Genetische screening op familiaire hypercholesterolemie in 1992-1997

Abstract

Objective. To estimate the proportion of patients with familial hypercholesterolaemia (FH) who were identified with hypercholesterolaemia in general practice prior to screening by means of pedigree research and DNA analysis by the National Foundation for the Identification of Familial Hipercholesterolemia (StOEH). Design. Retrospective. Method. General practice files of FH patients, diagnosed through genetic screening by the StOEH in 1992-1997 whose general practitioner's (GP's) practice in Amsterdam, Haarlem or Alkmaar, were studied for cholesterol and FH related information documented in the period prior to the screening. Results. Out of the 121 persons selected 80 agreed to the study; one GP refused to co-operate.
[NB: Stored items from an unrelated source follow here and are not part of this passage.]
lemma BM_bob_has_winning_strategy_homeomorphic:
  assumes "X homeomorphic_space Y" and P_Q: "\<And>\<A> (\<phi> :: 'a set \<Rightarrow> 'b set). P \<A> \<Longrightarrow> Q (\<phi> ` \<A>)"
    and "BM_bob_has_winning_strategy X P"
  shows "BM_bob_has_winning_strategy Y Q"
proof -
  obtain f g where "homeomorphic_maps X Y f g"
    using assms(1) unfolding homeomorphic_space_def by blast
  moreover obtain \<sigma> where "BM_bob_winning_strategy X P \<sigma>"
    using assms(3) unfolding BM_bob_has_winning_strategy_def by blast
  ultimately interpret BM_homeomorphic_transfer X Y f g P \<sigma>
    by unfold_locales (auto simp: homeomorphic_maps_map)
  have "BM_bob_winning_strategy Y Q strategy"
    by (rule BM_bob_winning_strategy_transfer) (rule P_Q)
  then show ?thesis
    unfolding BM_bob_has_winning_strategy_def by blast
qed

lemma homeomorphic_space_pullback_topology:
  assumes "\<And>x. x \<in> topspace X \<Longrightarrow> r (e x) = x"
  shows "X homeomorphic_space pullback_topology (e ` topspace X) r X"
proof -
  let ?Y = "pullback_topology (e ` topspace X) r X"
  have "continuous_map X X (r \<circ> e)"
    using assms by (simp add: continuous_map_eq[OF continuous_map_id])
  then have "continuous_map X ?Y e"
    by (rule continuous_map_pullback') auto
  moreover have "continuous_map ?Y X r"
    using continuous_map_pullback[OF continuous_map_id] by simp
  moreover have "e (r y) = y" if "y \<in> topspace ?Y" for y
    using that assms unfolding topspace_pullback_topology by auto
  ultimately show ?thesis
    unfolding homeomorphic_space_def homeomorphic_maps_def using assms by blast
qed

section \<open>Baire spaces and the game with countable moves\<close>

definition Baire_space :: "'a topology \<Rightarrow> bool" where
  "Baire_space X \<longleftrightarrow>
     (\<forall>\<G>. countable \<G> \<and> (\<forall>T\<in>\<G>. openin X T \<and> X closure_of T = topspace X)
        \<longrightarrow> X closure_of \<Inter>\<G> = topspace X)"

lemma Baire_spaceD:
  assumes "Baire_space X" "countable \<G>" "\<And>T. T \<in> \<G> \<Longrightarrow> openin X T"
    "\<And>T. T \<in> \<G> \<Longrightarrow> X closure_of T = topspace X"
  shows "X closure_of \<Inter>\<G> = topspace X"
  using assms unfolding Baire_space_def by blast

lemma open_dense_Un_outside_closure:
  assumes "openin X U" "openin X D"
    and dense: "\<And>V. openin X V \<Longrightarrow> V \<noteq> {} \<Longrightarrow> V \<subseteq> U \<Longrightarrow> V \<inter> D \<noteq> {}"
  shows "openin X (D \<union> (topspace X - X closure_of U))"
    and "X closure_of (D \<union> (topspace X - X closure_of U)) = topspace X"
proof -
  show "openin X (D \<union> (topspace X - X closure_of U))"
    by (intro openin_Un openin_diff openin_topspace closedin_closure_of assms(2))
  show "X closure_of (D \<union> (topspace X - X closure_of U)) = topspace X"
    unfolding dense_intersects_open
  proof (intro allI impI)
    fix V assume V: "openin X V \<and> V \<noteq> {}"
    show "(D \<union> (topspace X - X closure_of U)) \<inter> V \<noteq> {}"
    proof (cases "V \<subseteq> X closure_of U")
      case True
      then have "V \<inter> U \<noteq> {}"
        using V openin_Int_closure_of_eq_empty[of X V U] by blast
      moreover have "openin X (V \<inter> U)"
        using V assms(1) by (simp add: openin_Int)
      ultimately have "(V \<inter> U) \<inter> D \<noteq> {}"
        using dense by blast
      then show ?thesis by blast
    next
      case False
      then show ?thesis using V openin_subset by blast
    qed
  qed
qed

lemma Baire_space_open_Int_INT:
  fixes D :: "nat \<Rightarrow> 'a set"
  assumes "Baire_space X" "openin X U" "U \<noteq> {}" "\<And>n. openin X (D n)"
    and dense: "\<And>n V. openin X V \<Longrightarrow> V \<noteq> {} \<Longrightarrow> V \<subseteq> U \<Longrightarrow> V \<inter> D n \<noteq> {}"
  shows "U \<inter> (\<Inter>n. D n) \<noteq> {}"
proof -
  define T where "T n = D n \<union> (topspace X - X closure_of U)" for n
  note T = open_dense_Un_outside_closure[OF assms(2,4) dense, folded T_def]
  have "X closure_of \<Inter>(range T) = topspace X"
    by (rule Baire_spaceD[OF assms(1)]) (use T in auto)
  then have "\<Inter>(range T) \<inter> U \<noteq> {}"
    using assms(2,3) unfolding dense_intersects_open by blast
  then obtain x where x: "x \<in> U" "\<And>n. x \<in> T n"
    by blast
  have "x \<in> X closure_of U"
    using closure_of_subset[OF openin_subset[OF assms(2)]] x(1) by blast
  then have "x \<in> D n" for n
    using x(2)[of n] unfolding T_def by blast
  then show ?thesis
    using x(1) by blast
qed

definition basic_cover :: "'a set set \<Rightarrow> 'a set \<Rightarrow> 'a set set" where
  "basic_cover \<B> U = {B \<in> \<B>. B \<noteq> {} \<and> B \<subseteq> U}"

primrec cover_moves ::
  "'a set set \<Rightarrow> 'a set \<Rightarrow> (nat \<Rightarrow> 'a set \<Rightarrow> 'a set) \<Rightarrow> nat \<Rightarrow> 'a set set" where
  "cover_moves \<B> A0 f 0 = basic_cover \<B> A0"
| "cover_moves \<B> A0 f (Suc n) = basic_cover \<B> (\<Union> (f n ` cover_moves \<B> A0 f n))"

definition cover_strategy :: "'a set set \<Rightarrow> 'a set \<Rightarrow> ('a set \<Rightarrow> 'a set) list \<Rightarrow> 'a set set" where
  "cover_strategy \<B> A0 fs = cover_moves \<B> A0 ((!) fs) (length fs)"

lemma BM_bob_move_cover_strategy: "BM_bob_move (cover_strategy \<B>) A0 f n = cover_moves \<B> A0 f n"
proof -
  have "cover_moves \<B> A0 ((!) (map f [0..<n])) m = cover_moves \<B> A0 f m" if "m \<le> n" for m
    using that by (induction m) auto
  then show ?thesis
    unfolding BM_bob_move_def cover_strategy_def by simp
qed

locale countable_base =
  fixes X :: "'a topology" and \<B> :: "'a set set"
  assumes countable_base: "countable \<B>" and openin_base: "\<And>B. B \<in> \<B> \<Longrightarrow> openin X B"
    and base: "\<And>U x. openin X U \<Longrightarrow> x \<in> U \<Longrightarrow> \<exists>B\<in>\<B>. x \<in> B \<and> B \<subseteq> U"
begin

lemma Union_basic_cover: "openin X U \<Longrightarrow> \<Union> (basic_cover \<B> U) = U"
  unfolding basic_cover_def using base by blast

lemma BM_bob_legal_basic_cover: "BM_bob_legal X countable U (basic_cover \<B> U)"
  unfolding BM_bob_legal_def basic_cover_def using countable_base openin_base
  by (auto intro: countable_subset)

lemma basic_cover_answers_dense:
  assumes "BM_alice_legal X (basic_cover \<B> U) f" "openin X V" "V \<noteq> {}" "V \<subseteq> U"
  shows "V \<inter> \<Union> (f ` basic_cover \<B> U) \<noteq> {}"
proof -
  obtain x where "x \<in> V" using assms(3) by blast
  then obtain B where B: "B \<in> \<B>" "x \<in> B" "B \<subseteq> V"
    using base assms(2) by blast
  then have "B \<in> basic_cover \<B> U"
    unfolding basic_cover_def using assms(4) by blast
  then have "f B \<noteq> {}" "f B \<subseteq> B" "f B \<subseteq> \<Union> (f ` basic_cover \<B> U)"
    using assms(1) unfolding BM_alice_legal_def by auto
  then show ?thesis using B(3) by blast
qed

context
  fixes A0 :: "'a set" and f :: "nat \<Rightarrow> 'a set \<Rightarrow> 'a set"
  assumes A0: "openin X A0" "A0 \<noteq> {}"
    and alice: "\<And>n. BM_alice_legal X (cover_moves \<B> A0 f n) (f n)"
begin

lemma Union_cover_moves_Suc: "\<Union> (cover_moves \<B> A0 f (Suc n)) = \<Union> (f n ` cover_moves \<B> A0 f n)"
proof -
  have "openin X (\<Union> (f n ` cover_moves \<B> A0 f n))"
    using alice unfolding BM_alice_legal_def by blast
  then show ?thesis
    using Union_basic_cover by simp
qed

lemma cover_moves_eq_basic_cover:
  "openin X (\<Union> (cover_moves \<B> A0 f n)) \<and> cover_moves \<B> A0 f n = basic_cover \<B> (\<Union> (cover_moves \<B> A0 f n))"
proof (cases n)
  case 0
  then show ?thesis using A0 Union_basic_cover by simp
next
  case (Suc m)
  have "openin X (\<Union> (f m ` cover_moves \<B> A0 f m))"
    using alice unfolding BM_alice_legal_def by blast
  then show ?thesis using Suc Union_cover_moves_Suc by simp
qed

lemma cover_moves_dense:
  assumes "openin X V" "V \<noteq> {}" "V \<subseteq> A0"
  shows "V \<inter> \<Union> (cover_moves \<B> A0 f n) \<noteq> {}"
  using assms
proof (induction n arbitrary: V)
  case 0
  then show ?case using A0 Union_basic_cover by (simp add: Int_absorb2)
next
  case (Suc n)
  let ?D = "\<Union> (cover_moves \<B> A0 f n)"
  have legal: "BM_alice_legal X (basic_cover \<B> ?D) (f n)"
    using alice[of n] cover_moves_eq_basic_cover[of n] by argo
  have "openin X (V \<inter> ?D)"
    using Suc.prems(1) cover_moves_eq_basic_cover[of n] by (simp add: openin_Int)
  then have "(V \<inter> ?D) \<inter> \<Union> (f n ` basic_cover \<B> ?D) \<noteq> {}"
    using basic_cover_answers_dense[OF legal] Suc.IH[OF Suc.prems] by blast
  moreover have "\<Union> (cover_moves \<B> A0 f (Suc n)) = \<Union> (f n ` basic_cover \<B> ?D)"
    using Union_cover_moves_Suc cover_moves_eq_basic_cover[of n] by simp
  ultimately show ?case by blast
qed

end
theorem lemma8:
  fixes \<alpha> \<kappa> :: real and \<zeta> :: "nat \<Rightarrow> nat" and \<epsilon> :: "nat \<Rightarrow> real"
    and g\<alpha> f\<alpha> g\<kappa> f\<kappa> :: "nat \<Rightarrow> real" and p\<alpha> p\<kappa> :: "nat \<Rightarrow> nat pmf"
  assumes "0 < \<alpha>" "\<alpha> < 2" "2 \<le> \<kappa>"
    and "\<forall>N. 0 < \<epsilon> N \<and> \<epsilon> N < 1"
    and "envelope g\<alpha> f\<alpha>" "envelope g\<kappa> f\<kappa>"
    and "\<forall>N. law_L \<alpha> (\<zeta> N) g\<alpha> f\<alpha> (p\<alpha> N)"
    and "\<forall>N. law_L \<kappa> (\<zeta> N) g\<kappa> f\<kappa> (p\<kappa> N)"
    and "\<forall>\<^sub>F N in sequentially. measure_pmf.expectation (p\<alpha> N) real > 2
                              \<and> measure_pmf.expectation (p\<kappa> N) real > 2"
    and "(\<alpha> < 1 \<and> ((\<lambda>N. real (\<zeta> N) powr (3 - \<alpha>) / (real N)\<^sup>2) \<longlonglongrightarrow> 0)
           \<and> (\<exists>C. \<forall>\<^sub>F N in sequentially. \<epsilon> N / cN (\<epsilon> N) (p\<alpha> N) (p\<kappa> N) N \<le> C))
       \<or> (1 \<le> \<alpha> \<and> ((\<lambda>N. real (\<zeta> N) / real N) \<longlonglongrightarrow> 0)
           \<and> (\<exists>c>0. \<forall>\<^sub>F N in sequentially.
                \<epsilon> N = c * real N powr (\<alpha> - 2) * (if \<kappa> > 2 then 1 else ln (real N))))"
  shows "limsup (\<lambda>N. ereal (real N / cN (\<epsilon> N) (p\<alpha> N) (p\<kappa> N) N *
           envA_exp (\<epsilon> N) (p\<alpha> N) (p\<kappa> N) N
             (\<lambda>x s. if s \<ge> 2 * N
                     then real x * (real x - 1) * (real x - 2) / (real s) ^ 3 else 0))) = 0"
proof -
  have supp: "set_pmf (p\<alpha> N) \<subseteq> {0..\<zeta> N}" "set_pmf (p\<kappa> N) \<subseteq> {0..\<zeta> N}" for N
    using assms(7,8) by (auto simp: law_L_def)
  have eps: "0 \<le> \<epsilon> N" "\<epsilon> N \<le> 1" for N
    using assms(4) by (simp_all add: less_imp_le)
  have ratio: "(\<lambda>N. real (\<zeta> N) / real N) \<longlonglongrightarrow> 0"
    using assms(10) ratio_tendsto_zero_of_powr[of "3 - \<alpha>" \<zeta>] by auto
  define Q where "Q N = real N / cN (\<epsilon> N) (p\<alpha> N) (p\<kappa> N) N *
    envA_exp (\<epsilon> N) (p\<alpha> N) (p\<kappa> N) N (ff3_kernel N)" for N
  have "Q \<longlonglongrightarrow> 0"
  proof (rule tendsto_sandwich[OF _ _ tendsto_const])
    show "\<forall>\<^sub>F N in sequentially. 0 \<le> Q N"
      unfolding Q_def using eps by (intro always_eventually allI scaled_ff3_moment_nonneg)
    show "\<forall>\<^sub>F N in sequentially. Q N \<le> 2 * (real (\<zeta> N) / real N)"
      using eventually_ge_at_top[of 1]
      by eventually_elim (use scaled_ff3_moment_le[OF eps supp] in \<open>simp add: Q_def\<close>)
    show "(\<lambda>N. 2 * (real (\<zeta> N) / real N)) \<longlonglongrightarrow> 0"
      using tendsto_mult_right_zero[OF ratio] .
  qed
  then have "limsup (\<lambda>N. ereal (Q N)) = 0"
    by (simp add: lim_imp_Limsup tendsto_ereal zero_ereal_def)
  then show ?thesis by (simp add: Q_def ff3_kernel_def)
qed

end
lemma integral_pair_weighted_discordant_eq_cov:
  assumes h[measurable]: "h \<in> borel_measurable M" and cont: "continuous_on UNIV (cdf_of M h)"
    and int_a: "integrable M a"
  shows "(\<integral>p. \<bar>a (fst p) - a (snd p)\<bar> * of_bool ((a (fst p) - a (snd p)) * sgn (h (fst p) - h (snd p)) \<le> 0)
      \<partial>(M \<Otimes>\<^sub>M M))
    = (\<integral>p. \<bar>a (fst p) - a (snd p)\<bar> \<partial>(M \<Otimes>\<^sub>M M)) / 2 - 2 * cov_of M a (\<lambda>z. cdf_of M h (h z))"
proof -
  have [measurable]: "a \<in> borel_measurable M"
    using int_a by (rule borel_measurable_integrable)
  interpret Q: pair_prob_space M M ..
  define d where "d p = a (fst p) - a (snd p)" for p
  define s where "s p = sgn (h (fst p) - h (snd p))" for p
  have [measurable]: "d \<in> borel_measurable (M \<Otimes>\<^sub>M M)" "s \<in> borel_measurable (M \<Otimes>\<^sub>M M)"
    unfolding d_def s_def by measurable
  have int_d: "integrable (M \<Otimes>\<^sub>M M) d"
    unfolding d_def using integrable_pair_fst[OF int_a] integrable_pair_snd[OF int_a] by simp
  have int_ds: "integrable (M \<Otimes>\<^sub>M M) (\<lambda>p. d p * s p)"
    by (rule Bochner_Integration.integrable_bound[OF integrable_abs[OF int_d]])
      (auto simp: s_def sgn_if abs_mult)
  have "AE p in M \<Otimes>\<^sub>M M. \<bar>d p\<bar> * of_bool (d p * s p \<le> 0) = (\<bar>d p\<bar> - d p * s p) / 2"
    using AE_pair_neq_continuous_cdf_of[OF h cont]
    by eventually_elim (simp add: s_def abs_mult_of_bool_discordant abs_sgn_eq)
  then have "(\<integral>p. \<bar>d p\<bar> * of_bool (d p * s p \<le> 0) \<partial>(M \<Otimes>\<^sub>M M))
    = (\<integral>p. (\<bar>d p\<bar> - d p * s p) / 2 \<partial>(M \<Otimes>\<^sub>M M))"
    by (rule integral_cong_AE[rotated 2]) auto
  also have "\<dots> = (\<integral>p. \<bar>d p\<bar> \<partial>(M \<Otimes>\<^sub>M M)) / 2 - (\<integral>p. d p * s p \<partial>(M \<Otimes>\<^sub>M M)) / 2"
    using int_d int_ds by (simp add: diff_divide_distrib)
  finally show ?thesis
    unfolding d_def s_def
    by (simp add: integral_pair_diff_mult_sgn_eq_cov[OF h cont int_a])
qed

lemma integral_pair_abs_diff_continuous_cdf_of:
  assumes h[measurable]: "h \<in> borel_measurable M" and cont: "continuous_on UNIV (cdf_of M h)"
  shows "(\<integral>p. \<bar>cdf_of M h (h (fst p)) - cdf_of M h (h (snd p))\<bar> \<partial>(M \<Otimes>\<^sub>M M)) = 1/3"
proof -
  let ?U = "\<lambda>z. cdf_of M h (h z)"
  have "(\<integral>p. \<bar>?U (fst p) - ?U (snd p)\<bar> \<partial>(M \<Otimes>\<^sub>M M))
    = (\<integral>p. (?U (fst p) - ?U (snd p)) * sgn (h (fst p) - h (snd p)) \<partial>(M \<Otimes>\<^sub>M M))"
    by (simp add: abs_diff_mono_eq_mult_sgn[OF mono_cdf_of[OF h]])
  also have "\<dots> = 4 * cov_of M ?U ?U"
    using integral_pair_diff_mult_sgn_eq_cov[OF h cont integrable_cdf_of_comp[OF h h]] by simp
  finally show ?thesis
    by (simp add: cov_of_continuous_cdf_of_self[OF h cont])
qed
There was no difference between respondents and non respondents with regard to age, sex or domicile of the GP. In 48 of 79 (61%) general practice files studied, cholesterol measurements were reported prior to screening; 39 patients (49%) had hypercholesterolaemia and 29 (37%) were being treated with cholesterol lowering drugs. Mean age of the FH patients who had no record of their cholesterol levels was 25.1 years (SD: 17.0) at the time of screening, 22 years younger than the mean age of FH patients who did have cholesterol levels on record prior to screening (47.1 (SD: 18.4); p < 0.0001). Conclusion. Of the FH patients identified through family based genetic screening especially the younger FH patients are newly brought to the attention of their GP.